President Kennedy continued the anti-Communist foreign policy begun under Presidents Truman and Eisenhower. In 1961 the East German government closed the border between East and West Berlin and built a wall of concrete blocks and barbed wire along it. While continuing to support West Berlin, the Western Allies could not stop the building of the Berlin Wall. In mid-October 1962, spy planes flying over Cuba discovered that the Soviets were constructing launching sites for nuclear missiles. In a crisis that brought the United States to the very brink of war, President Kennedy demanded that the missiles be removed and placed a naval blockade around Cuba. After five long days the Soviets backed down. As the rivalry between the Soviet Union and the U.S. continued, Kennedy challenged the nation to land a man on the moon by the end of the decade.
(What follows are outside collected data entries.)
(* A finite group is pseudo-nilpotent if and only if it is nilpotent.
   Context: For a semigroup $S$, $S^1$ denotes $S$ with an identity adjoined (if $S$ has none). For $x,y\in S$ and $z_1,z_2,\ldots\in S^1$ define recursively $\lambda_0=x$, $\rho_0=y$, $\lambda_{n+1}=\lambda_n z_{n+1}\rho_n$, $\rho_{n+1}=\rho_n z_{n+1}\lambda_n$; write $\lambda_n(x,y,z_1,\ldots,z_n)$ and $\rho_n(x,y,z_1,\ldots,z_n)$. A semigroup $S$ is nilpotent (in the sense of Mal'cev) if there is a positive integer $n$ with $\lambda_n(a,b,c_1,\ldots,c_n)=\rho_n(a,b,c_1,\ldots,c_n)$ for all $a,b\in S$ and $c_1,\ldots,c_n\in S^1$ (for groups this coincides with the usual notion of nilpotency). $\langle X\rangle$ denotes the subsemigroup generated by $X$. The upper non-nilpotent graph $\mathcal{N}_S$ has vertex set $S$, with an edge between $x$ and $y$ iff $\langle x,y\rangle$ is not nilpotent. The empty set is regarded as an ideal; for an ideal $I$ of $S$, $S/I$ is the Rees factor semigroup, with $S/\emptyset=S$. A semigroup $S$ is pseudo-nilpotent if the following holds: whenever $x,y\in S$, $w_1,\ldots,w_m\in S^1$, $T$ is the subsemigroup generated by $x,y$ and those $w_i$ lying in $S$, $I$ is an ideal (possibly empty) of $T$, and $t<m$ are non-negative integers such that, writing $\lambda_k=\lambda_k(x,y,w_1,\ldots,w_k)$ and $\rho_k=\rho_k(x,y,w_1,\ldots,w_k)$, one has $\lambda_t\neq\rho_t$, $(\lambda_t,\rho_t)=(\lambda_m,\rho_m)$ and $\lambda_m,\rho_m\notin I$, then for every $0\le i\le m$ there is an edge in $\mathcal{N}_{T/I}$ between (the images of) $\lambda_i$ and $\rho_i$. *)

theory Defs
  imports "HOL-Algebra.Group"
begin

text \<open>A semigroup is given by a carrier set S and a binary operation f.
  Elements of S^1 are represented as 'a option: None is the (adjoined) identity,
  Some s is s. Multiplying by None does nothing.\<close>

definition mult1 :: "('a \<Rightarrow> 'a \<Rightarrow> 'a) \<Rightarrow> 'a \<Rightarrow> 'a option \<Rightarrow> 'a" where
  "mult1 f x z = (case z of None \<Rightarrow> x | Some w \<Rightarrow> f x w)"

definition one_ext :: "'a set \<Rightarrow> 'a option set" where
  "one_ext S = insert None (Some ` S)"

fun lr :: "('a \<Rightarrow> 'a \<Rightarrow> 'a) \<Rightarrow> 'a \<Rightarrow> 'a \<Rightarrow> (nat \<Rightarrow> 'a option) \<Rightarrow> nat \<Rightarrow> 'a \<times> 'a" where
  "lr f x y z 0 = (x, y)"
| "lr f x y z (Suc n) =
     (let (l, r) = lr f x y z n
      in (f (mult1 f l (z (Suc n))) r, f (mult1 f r (z (Suc n))) l))"

definition lam :: "('a \<Rightarrow> 'a \<Rightarrow> 'a) \<Rightarrow> 'a \<Rightarrow> 'a \<Rightarrow> (nat \<Rightarrow> 'a option) \<Rightarrow> nat \<Rightarrow> 'a" where
  "lam f x y z n = fst (lr f x y z n)"

definition rho :: "('a \<Rightarrow> 'a \<Rightarrow> 'a) \<Rightarrow> 'a \<Rightarrow> 'a \<Rightarrow> (nat \<Rightarrow> 'a option) \<Rightarrow> nat \<Rightarrow> 'a" where
  "rho f x y z n = snd (lr f x y z n)"

definition malcev_nilpotent :: "'a set \<Rightarrow> ('a \<Rightarrow> 'a \<Rightarrow> 'a) \<Rightarrow> bool" where
  "malcev_nilpotent S f \<longleftrightarrow>
     (\<exists>n>0. \<forall>a\<in>S. \<forall>b\<in>S. \<forall>c. (\<forall>i\<in>{1..n}. c i \<in> one_ext S) \<longrightarrow>
        lam f a b c n = rho f a b c n)"

inductive_set gen :: "('a \<Rightarrow> 'a \<Rightarrow> 'a) \<Rightarrow> 'a set \<Rightarrow> 'a set" for f X where
  base: "x \<in> X \<Longrightarrow> x \<in> gen f X"
| mult: "a \<in> gen f X \<Longrightarrow> b \<in> gen f X \<Longrightarrow> f a b \<in> gen f X"

definition sg_ideal :: "('a \<Rightarrow> 'a \<Rightarrow> 'a) \<Rightarrow> 'a set \<Rightarrow> 'a set \<Rightarrow> bool" where
  "sg_ideal f T I \<longleftrightarrow> I \<subseteq> T \<and> (\<forall>a\<in>I. \<forall>t\<in>T. f a t \<in> I \<and> f t a \<in> I)"

text \<open>Rees factor semigroup T/I on 'a option: Some a for a in T - I,
  None is the zero (present only when I is nonempty, so T/{} = T).\<close>
definition rees_carrier :: "'a set \<Rightarrow> 'a set \<Rightarrow> 'a option set" where
  "rees_carrier T I = Some ` (T - I) \<union> (if I = {} then {} else {None})"

fun rees_mult :: "('a \<Rightarrow> 'a \<Rightarrow> 'a) \<Rightarrow> 'a set \<Rightarrow> 'a option \<Rightarrow> 'a option \<Rightarrow> 'a option" where
  "rees_mult f I (Some a) (Some b) = (if f a b \<in> I then None else Some (f a b))"
| "rees_mult f I _ _ = None"

definition rees_img :: "'a set \<Rightarrow> 'a \<Rightarrow> 'a option" where
  "rees_img I x = (if x \<in> I then None else Some x)"

definition nn_edge :: "'a set \<Rightarrow> ('a \<Rightarrow> 'a \<Rightarrow> 'a) \<Rightarrow> 'a \<Rightarrow> 'a \<Rightarrow> bool" where
  "nn_edge S f u v \<longleftrightarrow> u \<in> S \<and> v \<in> S \<and> \<not> malcev_nilpotent (gen f {u, v}) f"

definition pseudo_nilpotent :: "'a set \<Rightarrow> ('a \<Rightarrow> 'a \<Rightarrow> 'a) \<Rightarrow> bool" where
  "pseudo_nilpotent S f \<longleftrightarrow>
    (\<forall>x\<in>S. \<forall>y\<in>S. \<forall>m. \<forall>w. (\<forall>i\<in>{1..m}. w i \<in> one_ext S) \<longrightarrow>
      (let T = gen f ({x, y} \<union> {a. \<exists>i\<in>{1..m}. w i = Some a}) in
       \<forall>I t. sg_ideal f T I \<longrightarrow> t < m \<longrightarrow>
         lam f x y w t \<noteq> rho f x y w t \<longrightarrow>
         lam f x y w t = lam f x y w m \<longrightarrow> rho f x y w t = rho f x y w m \<longrightarrow>
         lam f x y w m \<notin> I \<longrightarrow> rho f x y w m \<notin> I \<longrightarrow>
         (\<forall>i\<le>m. nn_edge (rees_carrier T I) (rees_mult f I)
                    (rees_img I (lam f x y w i)) (rees_img I (rho f x y w i)))))"

end

theory Submission
  imports Defs
begin

text \<open>Call \<open>t < m\<close> a cycle of the sequence \<open>(\<lambda>\<^sub>k, \<rho>\<^sub>k)\<close> if \<open>(\<lambda>\<^sub>t, \<rho>\<^sub>t) = (\<lambda>\<^sub>m, \<rho>\<^sub>m)\<close>
  and \<open>\<lambda>\<^sub>t \<noteq> \<rho>\<^sub>t\<close>. Repeating the words \<open>z\<^sub>t\<^sub>+\<^sub>1, \<dots>, z\<^sub>m\<close> forever keeps the sequence on the
  cycle, so a Mal'cev nilpotent semigroup has no cycles and the hypothesis of pseudo-nilpotency
  is never met. Conversely a finite semigroup that is not nilpotent has a cycle by the pigeonhole
  principle. In a group, multiplying the whole sequence on the right by \<open>b\<^sup>-\<^sup>1\<close> (and the words
  on the left by \<open>b\<close>) moves a cycle starting at \<open>(a, b)\<close> to one starting at \<open>(a b\<^sup>-\<^sup>1, 1)\<close>;
  pseudo-nilpotency then demands an edge between \<open>a b\<^sup>-\<^sup>1\<close> and \<open>1\<close>, but they generate a
  commutative, hence nilpotent, subsemigroup.\<close>

lemma lr_eq_lam_rho: "lr f x y z n = (lam f x y z n, rho f x y z n)"
  by (simp add: lam_def rho_def)

lemma lam_Suc: "lam f x y z (Suc n) = f (mult1 f (lam f x y z n) (z (Suc n))) (rho f x y z n)"
  by (simp add: lam_def rho_def split: prod.split)

lemma rho_Suc: "rho f x y z (Suc n) = f (mult1 f (rho f x y z n) (z (Suc n))) (lam f x y z n)"
  by (simp add: lam_def rho_def split: prod.split)

lemma lam_eq_rho_mono:
  assumes "lam f x y z k = rho f x y z k" and "k \<le> j"
  shows "lam f x y z j = rho f x y z j"
  using assms(2,1) by (induction j rule: dec_induct) (simp_all add: lam_Suc rho_Suc)

lemma mult1_closed:
  assumes "\<And>a b. a \<in> S \<Longrightarrow> b \<in> S \<Longrightarrow> f a b \<in> S" and "a \<in> S" and "c \<in> one_ext S"
  shows "mult1 f a c \<in> S"
  using assms by (auto simp: mult1_def one_ext_def)

lemma lam_rho_closed:
  assumes closed: "\<And>a b. a \<in> S \<Longrightarrow> b \<in> S \<Longrightarrow> f a b \<in> S"
    and "x \<in> S" and "y \<in> S" and z: "\<forall>i\<in>{1..n}. z i \<in> one_ext S" and "k \<le> n"
  shows "lam f x y z k \<in> S \<and> rho f x y z k \<in> S"
  using \<open>k \<le> n\<close>
proof (induction k)
  case 0
  then show ?case using assms by (simp add: lam_def rho_def)
next
  case (Suc k)
  then have "z (Suc k) \<in> one_ext S" using z by simp
  with Suc show ?case by (simp add: lam_Suc rho_Suc closed mult1_closed[OF closed])
qed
In Southeast Asia, a conflict that began after World War II grew steadily worse. In 1959 North Vietnamese forces led by Communist Ho Chi Minh began a war with South Vietnam. Under President Johnson the United States increased military advisers and aid to the South Vietnamese. When American destroyers in the Gulf of Tonkin were allegedly attacked, Congress passed a resolution that allowed the president to "take all necessary measures to repel any armed attack against the United States." Thousands of American troops were sent to Vietnam where they found fighting a ground war to be very difficult. Dense jungles, muddy trails, and swampy rice paddies hampered troop movements. As casualties increased, protests at home grew. Student protests were organized against the draft and the entire war effort. In 1968 the Tet offensive targeted American military bases and South Vietnam's major cities. After reevaluating the war effort, President Johnson announced "a new step toward peace" and that he would not run for reelection.

1968 was a year of tragedies for the United States. While thousands of Americans were killed in Vietnam, Martin Luther King, Jr., and presidential candidate Robert Kennedy were assassinated. The nation was ready for change and elected republican Richard Nixon president. Nixon's Vietnam strategy was to achieve "peace with honor." Over the next few years American troops were pulled out of Vietnam. On January 27, 1973, negotiators signed a peace agreement. When the last Americans left Saigon in 1975, North Vietnamese forces moved into the city. Saigon fell to the Communists, and the long war was over.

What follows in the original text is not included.